definition quit_prob :: "nat set \<Rightarrow> (nat \<Rightarrow> nat \<Rightarrow> real) \<Rightarrow> nat \<Rightarrow> nat set \<Rightarrow> real" where
  "quit_prob I x t S = cont_prob I x t * (\<Prod>j\<in>S. x j t) * (\<Prod>j\<in>I - S. (1 - x j t))"

definition payoff :: "nat set \<Rightarrow> (nat set \<Rightarrow> nat \<Rightarrow> real) \<Rightarrow> (nat \<Rightarrow> nat \<Rightarrow> real) \<Rightarrow> nat \<Rightarrow> real" where
  "payoff I r x i =
     (\<Sum>t. \<Sum>S\<in>Pow I - {{}}. quit_prob I x t S * r S i) + lim (cont_prob I x) * r {} i"

definition eps_equilibrium ::
  "nat set \<Rightarrow> (nat set \<Rightarrow> nat \<Rightarrow> real) \<Rightarrow> real \<Rightarrow> (nat \<Rightarrow> nat \<Rightarrow> real) \<Rightarrow> bool" where
  "eps_equilibrium I r \<epsilon> x \<longleftrightarrow> profile I x \<and>
     (\<forall>i\<in>I. \<forall>y. strategy y \<longrightarrow> payoff I r x i \<ge> payoff I r (x(i := y)) i - \<epsilon>)"

fun normal_level :: "nat set \<Rightarrow> (nat set \<Rightarrow> nat \<Rightarrow> real) \<Rightarrow> nat \<Rightarrow> nat set" where
  "normal_level I r 0 = I"
| "normal_level I r (Suc l) =
     {i \<in> normal_level I r l. \<exists>j\<in>normal_level I r l. j \<noteq> i \<and> r {j} i \<le> 0}"

definition normal_players :: "nat set \<Rightarrow> (nat set \<Rightarrow> nat \<Rightarrow> real) \<Rightarrow> nat set" where
  "normal_players I r = (\<Inter>l. normal_level I r l)"

text \<open>LCP((rhat^i)_{i in K}, q) with the index set K (instead of renaming K to [n]):
  w >= 0 on K, (z0, (z_i)_{i in K}) a probability vector,
  w = z0 q + sum_i z_i rhat^i on K, and complementarity z_i = 0 or w_i = 0.
  Here rhat i k is the k-th coordinate of rhat^i.\<close>
definition LCP_solution ::
  "nat set \<Rightarrow> (nat \<Rightarrow> nat \<Rightarrow> real) \<Rightarrow> (nat \<Rightarrow> real) \<Rightarrow> (nat \<Rightarrow> real) \<Rightarrow> real \<Rightarrow> (nat \<Rightarrow> real) \<Rightarrow> bool" where
  "LCP_solution K rhat q w z0 z \<longleftrightarrow>
     (\<forall>k\<in>K. 0 \<le> w k) \<and> 0 \<le> z0 \<and> (\<forall>i\<in>K. 0 \<le> z i) \<and> z0 + (\<Sum>i\<in>K. z i) = 1 \<and>
     (\<forall>k\<in>K. w k = z0 * q k + (\<Sum>i\<in>K. z i * rhat i k)) \<and>
     (\<forall>i\<in>K. z i = 0 \<or> w i = 0)"

end

theory Submission
  imports Defs "HOL-Analysis.Infinite_Products"
begin

text \<open>Let every player k quit at a constant rate p_k. Facing these, player i's payoff is affine
  in the total probability with which i ever quits, so the stationary rate is an \<epsilon>-best reply as
  soon as neither quitting at once nor never quitting gains more than \<epsilon>. If the others' total
  rate \<sigma> is small, quitting at once is worth O(\<sigma>), and never quitting is worth the first-order
  payoff \<Sum>_k p_k r^k_i divided by the per-stage exit probability (at least \<sigma>/2), up to O(\<sigma>).
  Rates proportional to an LCP solution make these first-order payoffs nonnegative, and zero
  for the players who quit. If the solution sits on a single normal player, the definition of
  normal players supplies a second one who is added at a much smaller rate.\<close>

definition survival :: "real \<Rightarrow> (nat \<Rightarrow> real) \<Rightarrow> nat \<Rightarrow> real" where
  "survival q y t = (\<Prod>s<t. (1 - y s) * q)"

definition quit_weight :: "real \<Rightarrow> (nat \<Rightarrow> real) \<Rightarrow> real" where
  "quit_weight q y = (\<Sum>t. survival q y t * y t)"

context
  fixes q :: real and y :: "nat \<Rightarrow> real"
  assumes q: "0 \<le> q" "q < 1" and y: "strategy y"
begin

lemma survival_nonneg: "0 \<le> survival q y t"
  using y q unfolding survival_def strategy_def by (intro prod_nonneg) auto

lemma survival_Suc: "survival q y (Suc t) = survival q y t * ((1 - y t) * q)"
  by (simp add: survival_def)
• • • • •
## EXERCISE
Nothing but the lines from the one with "y = (\<Sum>t." to the last line of the data should appear in the answer, each exactly as it stands.

## REPLY TO THE EXERCISE
  "quit_weight q y = (\<Sum>t. survival q y t * y t)"

context
  fixes q :: real and y :: "nat \<Rightarrow> real"
  assumes q: "0 \<le> q" "q < 1" and y: "strategy y"
begin

lemma survival_nonneg: "0 \<le> survival q y t"
  using y q unfolding survival_def strategy_def by (intro prod_nonneg) auto

lemma survival_Suc: "survival q y (Suc t) = survival q y t * ((1 - y t) * q)"
  by (simp add: survival_def)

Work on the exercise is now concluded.